Putin il 12 luglio del 2021 ha scritto un lungo articolo (di oltre dieci pagine) proprio sull’Ucraina, che merita di essere letto, perché dentro c’è la costruzione ideologica dell’invasione. Nel testo c’è una teoria, un tentativo di giustificazione storica e, soprattutto, le ragioni profonde di un atto aberrante che sta sconvolgendo il mondo. C’è anche la ragione ultima, se ci potesse essere, della crudeltà dei modi e dei mezzi con cui sta avvenendo.
Il testo di Putin è chiarissimo e spiega in maniera inequivocabile, dal suo punto di vista, il senso di questa guerra. Conviene leggerlo con attenzione e si troveranno tutte le risposte all’invasione. Tutto è reso con grande evidenza, e con luciferina coerenza, perché rivela in maniera limpida la sua concezione del mondo, e in particolare la sua concezione dell’Ucraina. Il testo è in inglese, secondo la traduzione ufficiale (dal russo) dello stesso governo russo. Perciò non ci sono dubbi sull’autenticità delle sue parole. Vediamo cosa dice.
La prima frase chiarisce già l’essenziale, che poi prova a dimostrare con un lungo excursus storico e di prospettive culturali e, diremmo, antropologiche. Scrive Putin che «i Russi e gli Ucraini sono un solo popolo, un singolo tutto» (Russians and Ukrainians were one people – a single Whole).

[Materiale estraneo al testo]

(* Let $n\ge 1$ be an integer and consider the encrypted-cloning encoded state $\rho_{\mathrm{enc}}^{(n)}$ on the qubits $A,S_1,N_1,\dots,S_n,N_n$ (defined in the context). Let $\mathcal R_n=\{S_1,N_1,\dots,S_n,N_n\}$ be the storage register. Any subset $B\subset \mathcal R_n$ that misses a complete pair, i.e. such that $S_j\notin B$ and $N_j\notin B$ for some $j\in\{1,\dots,n\}$, is completely non-informative: the reduced state $\rho_B(\psi)$, obtained from $\rho_{\mathrm{enc}}^{(n)}$ by tracing out $A$ and all qubits of $\mathcal R_n\setminus B$, does not depend on the input state $\ket{\psi}$.
   Context: Pauli operators: $\sigma_0=I,\sigma_1=X,\sigma_2=Y,\sigma_3=Z$. An input qubit $A$ is prepared in an arbitrary pure state $\ket{\psi}_A$. For $i=1,\dots,n$, the signal qubit $S_i$ and noise qubit $N_i$ are prepared in the Bell state $\ket{\phi}_{S_iN_i}=\frac{1}{\sqrt2}(\ket{00}+\ket{11})$. Set $\alpha_0=1$, $\alpha_1=\alpha_3=i$, $\alpha_2=-i^{\,n+1}$, and define the unitary $U_{\mathrm{enc}}^{(n)}=\frac12\sum_{\mu=0}^3\alpha_\mu^{-1}\sigma_\mu^{(A)}\otimes\bigotimes_{i=1}^n\sigma_\mu^{(S_i)}$ (acting as identity on the $N_i$). The encoded state is $\ket{\Psi_{\mathrm{enc}}}=U_{\mathrm{enc}}^{(n)}\big[\ket{\psi}_A\otimes\bigotimes_{i=1}^n\ket{\phi}_{S_iN_i}\big]$ and $\rho_{\mathrm{enc}}^{(n)}=\ket{\Psi_{\mathrm{enc}}}\bra{\Psi_{\mathrm{enc}}}$. A subset $B$ of the storage register is called completely non-informative (completely uninformative) if its reduced state $\rho_B(\psi)$ is independent of $\ket{\psi}$. *)

theory Defs
  imports Complex_Main
begin

datatype qlabel = QA | QS nat | QN nat

text \<open>A computational-basis configuration assigns a bit to every qubit label.\<close>
type_synonym config = "qlabel \<Rightarrow> bool"

definition qubits :: "nat \<Rightarrow> qlabel set" where
  "qubits n = insert QA (QS ` {1..n} \<union> QN ` {1..n})"

definition storage :: "nat \<Rightarrow> qlabel set" where
  "storage n = QS ` {1..n} \<union> QN ` {1..n}"

definition configs :: "qlabel set \<Rightarrow> config set" where
  "configs X = {f. \<forall>q. q \<notin> X \<longrightarrow> f q = False}"

text \<open>Matrix entries of the Pauli operators (False = |0>, True = |1>):
  pauli mu a b = <a| sigma_mu |b>.\<close>
definition pauli :: "nat \<Rightarrow> bool \<Rightarrow> bool \<Rightarrow> complex" where
  "pauli mu a b =
     (if mu = 0 then (if a = b then 1 else 0)
      else if mu = 1 then (if a \<noteq> b then 1 else 0)
      else if mu = 2 then (if a = b then 0 else if a then \<i> else - \<i>)
      else (if a = b then (if a then -1 else 1) else 0))"

definition alpha :: "nat \<Rightarrow> nat \<Rightarrow> complex" where
  "alpha n mu = (if mu = 0 then 1 else if mu = 2 then - (\<i> ^ (n + 1)) else \<i>)"

text \<open>State vectors on the qubits of qubits n: functions on configurations.
  The input state psi : bool => complex gives the amplitudes of |0>, |1>.\<close>
definition pure_qubit :: "(bool \<Rightarrow> complex) \<Rightarrow> bool" where
  "pure_qubit psi \<longleftrightarrow> (cmod (psi False))\<^sup>2 + (cmod (psi True))\<^sup>2 = 1"

text \<open>Initial state |psi>_A (x) tensor_i |phi>_{S_i N_i}.\<close>
definition init_state :: "nat \<Rightarrow> (bool \<Rightarrow> complex) \<Rightarrow> config \<Rightarrow> complex" where
  "init_state n psi f =
     psi (f QA) * (\<Prod>i\<in>{1..n}. if f (QS i) = f (QN i) then complex_of_real (1 / sqrt 2) else 0)"

text \<open>Matrix element <f| sigma_mu^(A) (x) tensor_i sigma_mu^(S_i) (x) Id_N |g>.\<close>
definition pauli_string :: "nat \<Rightarrow> nat \<Rightarrow> config \<Rightarrow> config \<Rightarrow> complex" where
  "pauli_string n mu f g =
     pauli mu (f QA) (g QA) *
     (\<Prod>i\<in>{1..n}. pauli mu (f (QS i)) (g (QS i)) * (if f (QN i) = g (QN i) then 1 else 0))"

definition U_enc :: "nat \<Rightarrow> config \<Rightarrow> config \<Rightarrow> complex" where
  "U_enc n f g = (1/2) * (\<Sum>mu<4. inverse (alpha n mu) * pauli_string n mu f g)"

definition enc_state :: "nat \<Rightarrow> (bool \<Rightarrow> complex) \<Rightarrow> config \<Rightarrow> complex" where
  "enc_state n psi f = (\<Sum>g\<in>configs (qubits n). U_enc n f g * init_state n psi g)"

definition glue :: "qlabel set \<Rightarrow> config \<Rightarrow> config \<Rightarrow> config" where
  "glue B x z = (\<lambda>q. if q \<in> B then x q else z q)"

text \<open>Reduced density matrix rho_B(psi) of rho_enc^(n) = |Psi_enc><Psi_enc|,
  obtained by tracing out all qubits not in B (A and storage qubits outside B):
  <x| rho_B |y> = sum_z <x z|Psi_enc> <Psi_enc|y z>.\<close>
definition reduced_state :: "nat \<Rightarrow> qlabel set \<Rightarrow> (bool \<Rightarrow> complex) \<Rightarrow> config \<Rightarrow> config \<Rightarrow> complex" where
  "reduced_state n B psi x y =
     (\<Sum>z\<in>configs (qubits n - B).
        enc_state n psi (glue B x z) * cnj (enc_state n psi (glue B y z)))"

definition completely_noninformative :: "nat \<Rightarrow> qlabel set \<Rightarrow> bool" where
  "completely_noninformative n B \<longleftrightarrow>
     (\<forall>psi phi. pure_qubit psi \<longrightarrow> pure_qubit phi \<longrightarrow>
        (\<forall>x\<in>configs B. \<forall>y\<in>configs B. reduced_state n B psi x y = reduced_state n B phi x y))"

end

theory Submission
  imports Defs
begin

(* Expanding U_enc gives
     |Psi_enc> = 1/2 sum_mu alpha_mu^-1 sigma_mu|psi>_A (x) tensor_i (sigma_mu (x) 1)|phi>_{S_i N_i}.
   The four Bell states (sigma_mu (x) 1)|phi> are orthonormal and every sigma_mu|psi> is a unit
   vector. Hence, once A and a complete pair S_j N_j are traced out, all cross terms mu /= nu vanish,
   and rho_B is 1/4 sum_mu of the partial traces of the remaining products of Bell states
   tensor_{i /= j} (sigma_mu (x) 1)|phi>, in which psi no longer occurs. *)

lemma sum_expand_orthogonal:
  fixes e :: "'m \<Rightarrow> 'x \<Rightarrow> complex"
  assumes "finite M" "finite X"
    and "\<And>mu nu. mu \<in> M \<Longrightarrow> nu \<in> M \<Longrightarrow>
           (\<Sum>x\<in>X. e mu x * cnj (e nu x)) = (if mu = nu then c else 0)"
  shows "(\<Sum>x\<in>X. (\<Sum>mu\<in>M. u mu * e mu x) * cnj (\<Sum>nu\<in>M. v nu * e nu x))
       = c * (\<Sum>mu\<in>M. u mu * cnj (v mu))"
proof -
  have "(\<Sum>x\<in>X. (\<Sum>mu\<in>M. u mu * e mu x) * cnj (\<Sum>nu\<in>M. v nu * e nu x))
      = (\<Sum>x\<in>X. \<Sum>mu\<in>M. \<Sum>nu\<in>M. u mu * cnj (v nu) * (e mu x * cnj (e nu x)))"
    by (simp add: cnj_sum sum_product ac_simps)
  also have "\<dots> = (\<Sum>mu\<in>M. \<Sum>nu\<in>M. u mu * cnj (v nu) * (\<Sum>x\<in>X. e mu x * cnj (e nu x)))"
    by (simp add: sum_distrib_left sum.swap[of _ X])
  also have "\<dots> = (\<Sum>mu\<in>M. u mu * cnj (v mu) * c)"
    using assms by (intro sum.cong refl) (simp add: if_distrib[of "(*) _"] sum.delta cong: if_cong)
  finally show ?thesis by (simp add: sum_distrib_left ac_simps)
qed

definition pauli_flip :: "nat \<Rightarrow> bool \<Rightarrow> bool" where
  "pauli_flip mu b = (if mu = 1 \<or> mu = 2 then \<not> b else b)"

lemma pauli_eq_0: "c \<noteq> pauli_flip mu a \<Longrightarrow> pauli mu a c = 0"
  by (auto simp: pauli_def pauli_flip_def)

definition pauli_apply :: "nat \<Rightarrow> (bool \<Rightarrow> complex) \<Rightarrow> bool \<Rightarrow> complex" where
  "pauli_apply mu psi a = (\<Sum>c\<in>UNIV. pauli mu a c * psi c)"

lemma pauli_apply_eq: "pauli_apply mu psi a = pauli mu a (pauli_flip mu a) * psi (pauli_flip mu a)"
  unfolding pauli_apply_def UNIV_bool using pauli_eq_0[of _ mu a]
  by (cases "pauli_flip mu a") auto

lemma pauli_orthogonal:
  assumes "mu < 4" "nu < 4"
  shows "(\<Sum>s\<in>UNIV. \<Sum>t\<in>UNIV. pauli mu s t * cnj (pauli nu s t)) = (if mu = nu then 2 else 0)"
  using assms by (auto simp: UNIV_bool pauli_def less_Suc_eq numeral_eq_Suc)

lemma pure_qubit_iff:
  "pure_qubit psi \<longleftrightarrow> psi False * cnj (psi False) + psi True * cnj (psi True) = 1"
  unfolding pure_qubit_def complex_norm_square[symmetric]
  by (metis of_real_1 of_real_add of_real_eq_iff)

lemma pauli_apply_norm:
  assumes "mu < 4" "pure_qubit psi"
  shows "(\<Sum>a\<in>UNIV. pauli_apply mu psi a * cnj (pauli_apply mu psi a)) = 1"
  using assms
  by (auto simp: pure_qubit_iff UNIV_bool pauli_apply_def pauli_def less_Suc_eq numeral_eq_Suc
      algebra_simps)

lemma norm_alpha: "cmod (alpha n mu) = 1"
  by (simp add: alpha_def norm_mult norm_power)

lemma inverse_alpha_mult_cnj: "inverse (alpha n mu) * cnj (inverse (alpha n mu)) = 1"
proof -
  have "alpha n mu * cnj (alpha n mu) = 1"
    using complex_norm_square[of "alpha n mu"] by (simp add: norm_alpha)
  then show ?thesis by (metis complex_cnj_inverse inverse_1 inverse_mult_distrib)
qed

Evitiamo di commentare se questa sia la premessa migliore per devastare le città e annichilire la popolazione. Restiamo sul testo e sul piano storico-culturale.
Aggiunge Putin che i due popoli sono «le parti di ciò che ha essenzialmente la stessa storia e lo stesso spazio spirituale». È importante notare l’uso di questi due termini: la stessa storia (poi vedremo che, secondo quanto da lui stesso scritto, la storia dell’attuale Ucraina ha avuto innumerevoli cambiamenti) e, soprattutto, «lo stesso spirito». In questo, fa riferimento ovviamente a qualcosa di metafisico, a cui vedremo che cercherà di aggiungere riscontri storici. Resta il fatto che l’unione spirituale di un popolo è difficile da definire. Lui scrive più avanti che è data dalla religione, quella ortodossa; ma andiamo con ordine.
Tutta la narrazione di Putin nasce dall’idea che esista un impero russo, che questo impero abbia un suo spirito, che si ritrova nella lingua, nella religione greco-ortodossa e in uno spazio fisico, che lui identifica nelle attuali Russia, Bielorussia e Ucraina. Tutto comincia, a suo parere, dal fatto che in passato ci fosse un «Ancient Rus» (il termine sta a indicare popolazioni che nell’Alto Medioevo vivevano nei tre Paesi citati e con appendici anche in Polonia e Slovacchia). Per Putin si trattava del più grande stato europeo. Qui commette un lapsus (diremmo) perché definisce quell’antica popolazione come europea, perciò sarebbe del tutto ovvio che oggi, a secoli di distanza, l’Ucraina rivendichi la sua appartenenza europea. C’è poi un riferimento al gesto di St. Vladimir, grande principe di Kiev, di farsi battezzare come ortodosso, e così facendo creò quell’appartenenza di fede che costituirebbe lo spirito russo.
Aggiunge che «il trono di Kiev aveva una posizione dominante nella Ancient Rus». Cita Oleg il Profeta che nel IX secolo ha dichiarato che Kiev sarebbe stata la madre di tutte le città russe. Il termine «madre» (motherland) ritorna più volte nella sua narrazione. Ammette che dopo quel tempo vi sia stata una frammentazione di stati e staterelli, dovuta anche alle invasioni dall’esterno («devastating invasions») che fanno pensare piuttosto a quella sua odierna. Aggiunge che una parte dell’attuale Ucraina «referred», faceva riferimento al Gran Ducato di Lituania e Russia.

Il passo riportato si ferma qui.